8:30am | In June 2011, while Long Beach police were in the process of making forcible entries into medical-marijuana collectives in response to their operating without a permit, Judge Patrick T. Madden expressed concern over the propriety of the City’s tactics.
“The concern that I have is, as articulated by the defendants, the evidence seems to show that the City, through its police, have used what I refer to as strong-arm tactics to knock down the doors of the collective without a warrant and without exigent circumstances,” Madden said at a June 2 hearing (PDF).
The City was represented at the hearing by Deputy City Attorney Kendra Carney.
The hearing took place as part of the City’s “nuisance abatement” case against 562 Collective for its operating without a permit. Representing 562 Collective was Matt Pappas — the same attorney whose Pack case led to the finding that the City’s medpot ordinance is preempted by federal law. In the wake of a May 10 enforcement action against 562 Collective, Pappas requested a temporary restraining order against the City for such actions.
Ultimately Madden found that the legal route the defendants should travel to obtain a protective order against the City was not by way of this case. “But that, I don’t think, is the full answer to what it is that’s, shall we say, going on,” he said.
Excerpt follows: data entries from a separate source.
lemma smooth_pos_le_tangent:
  assumes "e > 0"
  shows "smooth_pos e v - smooth_pos e u \<le> smooth_pos_slope e v * (v - u)"
proof -
  consider "v \<le> 0" | "0 < v" "v \<le> e" | "e < v" by linarith
  then consider "v \<le> 0" "u \<le> e" | "v \<le> 0" "e < u"
    | "0 < v" "v \<le> e" "u \<le> 0" | "0 < v" "v \<le> e" "0 < u" "u \<le> e" | "0 < v" "v \<le> e" "e < u"
    | "e < v" "u \<le> 0" | "e < v" "0 < u" "u \<le> e" | "e < v" "e < u"
    by linarith
  then show ?thesis
  proof cases
    case 4
    have "u * (v * 2) \<le> u * u + v * v"
      using zero_le_square[of "v - u"] by (simp add: algebra_simps)
    then have "e * (u * (v * 2)) \<le> e * (u * u + v * v)"
      using assms by (intro mult_left_mono) auto
    then show ?thesis
      using 4 assms by (simp add: smooth_pos_def smooth_pos_slope_def divide_simps power2_eq_square algebra_simps)
  next
    case 5
    have "0 \<le> e * ((e - v) * (2 * u - v - e))"
      using 5 by (intro mult_nonneg_nonneg) auto
    then show ?thesis
      using 5 assms by (simp add: smooth_pos_def smooth_pos_slope_def divide_simps power2_eq_square algebra_simps)
  next
    case 7
    have "0 \<le> (e - u) * (e - u)" by simp
    then show ?thesis
      using 7 assms by (simp add: smooth_pos_def smooth_pos_slope_def divide_simps power2_eq_square algebra_simps)
  qed (use assms in \<open>auto simp: smooth_pos_def smooth_pos_slope_def divide_simps power2_eq_square\<close>)
qed

lemma smooth_pos_approx:
  assumes "e > 0"
  shows "smooth_pos e z \<le> max z 0" and "max z 0 \<le> smooth_pos e z + e / 2"
proof -
  consider "z \<le> 0" | "0 < z" "z \<le> e" | "e < z" by linarith
  then have "smooth_pos e z \<le> max z 0 \<and> max z 0 \<le> smooth_pos e z + e / 2"
  proof cases
    case 2
    have "z * z \<le> e * z" "0 \<le> (e - z) * (e - z)"
      using 2 by (simp_all add: mult_right_mono)
    then show ?thesis
      using 2 assms by (simp add: smooth_pos_def divide_simps power2_eq_square algebra_simps)
  qed (use assms in \<open>auto simp: smooth_pos_def\<close>)
  then show "smooth_pos e z \<le> max z 0" and "max z 0 \<le> smooth_pos e z + e / 2"
    by auto
qed

lemma pos_part_second_difference_nonneg:
  "(h::real) \<ge> 0 \<Longrightarrow> 2 * max (z - c) 0 \<le> max (z - (c - h)) 0 + max (z - (c + h)) 0"
  by (auto simp: max_def)

text \<open>Halving the \<open>w\<close>-mass of \<open>[a, b]\<close> halves the sum of the squared masses, so the
  increments of \<open>h\<close> over \<open>2\<^sup>n\<close> pieces of equal mass add up to at most \<open>C \<mu>\<^sup>2 / 2\<^sup>n\<close>.\<close>
lemma antimono_if_increment_le_sq_integral:
  fixes h w :: "real \<Rightarrow> real"
  assumes w_integrable: "\<And>a b. t0 \<le> a \<Longrightarrow> a \<le> b \<Longrightarrow> w integrable_on {a..b}"
    and w_nonneg: "\<And>t. w t \<ge> 0" and "C \<ge> 0"
    and increment: "\<And>a b. t0 \<le> a \<Longrightarrow> a \<le> b \<Longrightarrow> h b - h a \<le> C * (integral {a..b} w)\<^sup>2"
    and "t0 \<le> a" "a \<le> b"
  shows "h b \<le> h a"
proof -
  have dyadic: "h b - h a \<le> C * (integral {a..b} w)\<^sup>2 / 2 ^ n" if "t0 \<le> a" "a \<le> b" for n a b
    using that
  proof (induction n arbitrary: a b)
    case 0
    then show ?case using increment by simp
  next
    case (Suc n)
    let ?\<mu> = "integral {a..b} w"
    have "continuous_on {a..b} (\<lambda>m. integral {a..m} w)"
      using w_integrable Suc.prems by (intro indefinite_integral_continuous_1) auto
    moreover have "?\<mu> \<ge> 0"
      using w_integrable[OF Suc.prems] w_nonneg by (intro integral_nonneg) auto
    ultimately obtain m where m: "a \<le> m" "m \<le> b" "integral {a..m} w = ?\<mu> / 2"
      using Suc.prems IVT'[of "\<lambda>m. integral {a..m} w" a "?\<mu> / 2" b] by auto
    have "integral {a..m} w + integral {m..b} w = ?\<mu>"
      using Henstock_Kurzweil_Integration.integral_combine[OF m(1,2) w_integrable[OF Suc.prems]] .
    then have "integral {m..b} w = ?\<mu> / 2"
      using m by simp
    then have "h b - h m \<le> C * (?\<mu> / 2)\<^sup>2 / 2 ^ n"
      using Suc.IH[of m b] m Suc.prems by (simp only:)
    moreover have "h m - h a \<le> C * (?\<mu> / 2)\<^sup>2 / 2 ^ n"
      using Suc.IH[of a m] m Suc.prems by (simp only:)
    ultimately have "h b - h a \<le> 2 * (C * (?\<mu> / 2)\<^sup>2 / 2 ^ n)"
      by simp
    also have "\<dots> = C * ?\<mu>\<^sup>2 / 2 ^ Suc n"
      by (simp add: power2_eq_square field_simps)
    finally show ?case .
  qed
  show ?thesis
  proof (rule ccontr)
    assume "\<not> h b \<le> h a"
    then have pos: "h b - h a > 0" by simp
    let ?X = "C * (integral {a..b} w)\<^sup>2"
    obtain n where "?X / (h b - h a) < 2 ^ n"
      using real_arch_pow[of 2 "?X / (h b - h a)"] by auto
    then have "?X / 2 ^ n < h b - h a"
      using pos by (simp add: field_simps)
    then show False
      using dyadic[OF assms(5,6), of n] by simp
  qed
qed

lemma tendsto_Inf_if_antimono_bdd_below:
  fixes f :: "real \<Rightarrow> real"
  assumes antimono: "\<And>a b. t0 \<le> a \<Longrightarrow> a \<le> b \<Longrightarrow> f b \<le> f a"
    and bdd: "bdd_below (f ` {t0..})"
  shows "(f \<longlongrightarrow> Inf (f ` {t0..})) at_top"
proof (rule decreasing_tendsto)
  show "\<forall>\<^sub>F t in at_top. Inf (f ` {t0..}) \<le> f t"
    using bdd by (auto intro!: cInf_lower eventually_mono[OF eventually_ge_at_top[of t0]])
next
  fix y assume "Inf (f ` {t0..}) < y"
  then obtain t1 where "t1 \<ge> t0" "f t1 < y"
    using cInf_lessD[of "f ` {t0..}" y] by auto
  then show "\<forall>\<^sub>F t in at_top. f t < y"
    using antimono by (auto intro!: eventually_mono[OF eventually_ge_at_top[of t1]] intro: le_less_trans)
qed

text \<open>The limit is the infimum \<open>l\<close> of the eventual upper bounds: a level \<open>p < l\<close> that is
  frequently undercut would, together with the frequent excursions above \<open>(p + l) / 2\<close>, be an
  oscillation.\<close>
lemma tendsto_if_bounded_no_oscillation:
  fixes f :: "real \<Rightarrow> real"
  assumes bounded: "\<forall>\<^sub>F t in at_top. lo \<le> f t \<and> f t \<le> hi"
    and no_oscillation: "\<And>p q. p < q \<Longrightarrow> (\<forall>T. \<exists>t\<ge>T. f t < p) \<Longrightarrow> (\<forall>T. \<exists>t\<ge>T. f t > q) \<Longrightarrow> False"
  shows "\<exists>l. (f \<longlongrightarrow> l) at_top"
proof -
  define S where "S = {c. \<exists>T. \<forall>t\<ge>T. f t \<le> c}"
  obtain T0 where T0: "\<And>t. t \<ge> T0 \<Longrightarrow> lo \<le> f t \<and> f t \<le> hi"
    using bounded unfolding eventually_at_top_linorder by blast
  then have "hi \<in> S"
    unfolding S_def by auto
  have bdd: "bdd_below S"
    unfolding S_def bdd_below_def
  proof (intro exI[of _ lo] ballI)
    fix c assume "c \<in> {c. \<exists>T. \<forall>t\<ge>T. f t \<le> c}"
    then obtain T where "\<forall>t\<ge>T. f t \<le> c" by auto
    then have "f (max T T0) \<le> c" by simp
    then show "lo \<le> c"
      using T0[of "max T T0"] by simp
  qed
  have "(f \<longlongrightarrow> Inf S) at_top"
  proof (rule order_tendstoI)
    fix a assume "Inf S < a"
    then obtain c T where "c < a" "\<forall>t\<ge>T. f t \<le> c"
      using cInf_lessD[of S a] \<open>hi \<in> S\<close> unfolding S_def by auto
    then show "\<forall>\<^sub>F t in at_top. f t < a"
      unfolding eventually_at_top_linorder by (meson le_less_trans)
  next
    fix p assume "p < Inf S"
    define q where "q = (p + Inf S) / 2"
    have "q \<notin> S"
      using cInf_lower[OF _ bdd, of q] \<open>p < Inf S\<close> unfolding q_def by force
    then have "\<forall>T. \<exists>t\<ge>T. f t > q"
      unfolding S_def by (auto simp: not_le)
    moreover have "p < q"
      using \<open>p < Inf S\<close> unfolding q_def by simp
    ultimately have "\<not> (\<forall>T. \<exists>t\<ge>T. f t < (p + q) / 2)"
      using no_oscillation[of "(p + q) / 2" q] by auto
    then show "\<forall>\<^sub>F t in at_top. p < f t"
      unfolding eventually_at_top_linorder using \<open>p < q\<close> by (force simp: not_less)
  qed
  then show ?thesis by blast
qed

text \<open>If \<open>L\<close> is nonincreasing and \<open>M\<close>-Lipschitz from below, its second differences at step
  \<open>h = (q - p) / (M + 2)\<close> on the grid \<open>p + k h\<close> telescope to at most \<open>(M + 1) h\<close> over \<open>M + 1\<close>
  terms, so one of them is smaller than \<open>h\<close>.\<close>
lemma exists_small_second_difference:
  fixes L :: "real \<Rightarrow> real" and M :: nat
  assumes antimono: "\<And>c c'. c \<le> c' \<Longrightarrow> L c' \<le> L c"
    and lipschitz: "\<And>c h. h \<ge> 0 \<Longrightarrow> L c \<le> L (c + h) + real M * h"
    and "p < q"
  obtains c h where "p < c" "c < q" "h > 0" "L (c - h) + L (c + h) - 2 * L c < h"
proof -
  define h where "h = (q - p) / (real M + 2)"
  have "h > 0"
    using \<open>p < q\<close> unfolding h_def by simp
  define E where "E k = L (p + real (Suc k) * h) - L (p + real k * h)" for k
  have "E (Suc M) \<le> 0"
    unfolding E_def using \<open>h > 0\<close> by (auto intro!: antimono)
  moreover have "- E 0 \<le> real M * h"
    unfolding E_def using lipschitz[of h p] \<open>h > 0\<close> by (simp add: add.commute)
  moreover have "(\<Sum>k=0..M. E (Suc k) - E k) = E (Suc M) - E 0"
    by (rule sum_Suc_diff) simp
  ultimately have "(\<Sum>k=0..M. E (Suc k) - E k) < (\<Sum>k=0..M. h)"
    using \<open>h > 0\<close> by (simp add: algebra_simps)
  then obtain k where k: "k \<le> M" "E (Suc k) - E k < h"
    using sum_mono[of "{0..M}" "\<lambda>_. h" "\<lambda>k. E (Suc k) - E k"] by (force simp: not_less)
  show ?thesis
  proof
    show "p < p + real (Suc k) * h"
      using \<open>h > 0\<close> by simp
    have "real (Suc k) * h < (real M + 2) * h"
      using k(1) \<open>h > 0\<close> by (intro mult_strict_right_mono) auto
    also have "\<dots> = q - p"
      unfolding h_def by simp
    finally show "p + real (Suc k) * h < q"
      by simp
    show "L (p + real (Suc k) * h - h) + L (p + real (Suc k) * h + h) - 2 * L (p + real (Suc k) * h) < h"
      using k(2) unfolding E_def by (simp add: algebra_simps)
  qed (fact \<open>h > 0\<close>)
qed

locale saturated_consensus =
  fixes N :: nat and s t0 :: real
    and \<alpha> :: "nat \<Rightarrow> nat \<Rightarrow> real \<Rightarrow> real"
    and x :: "nat \<Rightarrow> real \<Rightarrow> real"
  assumes s_pos: "s > 0" and t0_nonneg: "t0 \<ge> 0"
    and weights_sym: "\<And>i j t. i \<in> {1..N} \<Longrightarrow> j \<in> {1..N} \<Longrightarrow> t \<ge> 0 \<Longrightarrow>
      \<alpha> i j t = \<alpha> j i t \<and> \<alpha> i j t \<ge> 0"
    and flow_set_integrable: "\<And>i t. i \<in> {1..N} \<Longrightarrow> t \<ge> t0 \<Longrightarrow>
      set_integrable lborel {t0..t} (\<lambda>\<tau>. \<Sum>j=1..N. \<alpha> i j \<tau> * (sat s (x j \<tau>) - sat s (x i \<tau>)))"
    and state_eq: "\<And>i t. i \<in> {1..N} \<Longrightarrow> t \<ge> t0 \<Longrightarrow>
      x i t = x i t0 + (LINT \<tau>:{t0..t}|lborel. (\<Sum>j=1..N. \<alpha> i j \<tau> * (sat s (x j \<tau>) - sat s (x i \<tau>))))"
begin

definition flow :: "nat \<Rightarrow> real \<Rightarrow> real" where
  "flow i \<tau> = (\<Sum>j=1..N. \<alpha> i j \<tau> * (sat s (x j \<tau>) - sat s (x i \<tau>)))"

definition speed :: "real \<Rightarrow> real" where
  "speed \<tau> = (\<Sum>i=1..N. \<bar>flow i \<tau>\<bar>)"

lemma flow_integrable:
  assumes "i \<in> {1..N}" "t0 \<le> a" "a \<le> b"
  shows "flow i integrable_on {a..b}" and "(\<lambda>\<tau>. \<bar>flow i \<tau>\<bar>) integrable_on {a..b}"
proof -
  have "set_integrable lborel {a..b} (flow i)"
    using assms by (intro set_integrable_subset[OF flow_set_integrable[of i b, folded flow_def]]) auto
  then show "flow i integrable_on {a..b}" and "(\<lambda>\<tau>. \<bar>flow i \<tau>\<bar>) integrable_on {a..b}"
    using set_integrable_abs set_borel_integral_eq_integral(1) by blast+
qed

lemma speed_nonneg: "speed \<tau> \<ge> 0"
  unfolding speed_def by (intro sum_nonneg) auto

lemma speed_integrable: "t0 \<le> a \<Longrightarrow> a \<le> b \<Longrightarrow> speed integrable_on {a..b}"
  unfolding speed_def[abs_def] by (intro integrable_sum flow_integrable) auto

lemma state_increment:
  assumes i: "i \<in> {1..N}" and "t0 \<le> a" "a \<le> b"
  shows "x i b - x i a = integral {a..b} (flow i)"
proof -
  have integral_form: "x i t = x i t0 + integral {t0..t} (flow i)" if "t \<ge> t0" for t
    using state_eq[OF i that, folded flow_def]
      set_borel_integral_eq_integral(2)[OF flow_set_integrable[OF i that, folded flow_def]]
    by simp
  have "integral {t0..a} (flow i) + integral {a..b} (flow i) = integral {t0..b} (flow i)"
    using assms by (intro Henstock_Kurzweil_Integration.integral_combine flow_integrable) auto
  then show ?thesis
    using integral_form[of a] integral_form[of b] assms by simp
qed

lemma state_continuous:
  assumes i: "i \<in> {1..N}" and "t0 \<le> b"
  shows "continuous_on {t0..b} (x i)"
proof -
  have "continuous_on {t0..b} (\<lambda>t. x i t0 + integral {t0..t} (flow i))"
    using assms by (intro continuous_intros indefinite_integral_continuous_1 flow_integrable) auto
  then show ?thesis
  proof (rule continuous_on_eq)
    fix t assume "t \<in> {t0..b}"
    then show "x i t0 + integral {t0..t} (flow i) = x i t"
      using state_increment[OF i, of t0 t] by simp
  qed
qed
At a June 11 hearing (PDF) Madden expressed his belief that since the City had pursued civil and not criminal action against 562 Collective, it ought to be bound by civil procedure: “As I see it, the City, by [proceeding against the collective not criminally but for operating without a permit], placed itself within the civil court framework, and it seems to me that the rules apply to all litigants, whether the litigant is a municipality or an agency of a municipality, such as the police, and there’s a requirement that the parties use civil discovery procedures to obtain their evidence.”
“As far as the circumstances of breaking down the door, there is a reason it was done,” Carney asserted. She did not, however, choose to disclose the reasons. I’m not sure that I can disclose that at this time without providing information that I’m not comfortable disclosing based on the safety of an individual in front of the current audience.”
Carney also stated that “the Defense has made allegations unsupported by evidence concerning the events that they allege occurred at the 562 Collective.” But Madden noted that regarding the collective’s “allegations […] that the City, through officers and employees of the police department engaged in conduct that was not part of formal civil discovery, [nor] based on a search warrant, [nor] based upon what I would refer to as exigent circumstances [… and] used a battering ram and broke down a door and seized documents in the collective” were “unrebutted. […] There’s not one fact in here that rebuts any of the allegations made by the defendants that it was a search not incident to a lawful search warrant or any search warrant or that any exigent circumstances existed.”
After asserting that the City “did supply information denying their allegations,” Carney finally agreed with Madden that the City had in fact not rebutted them.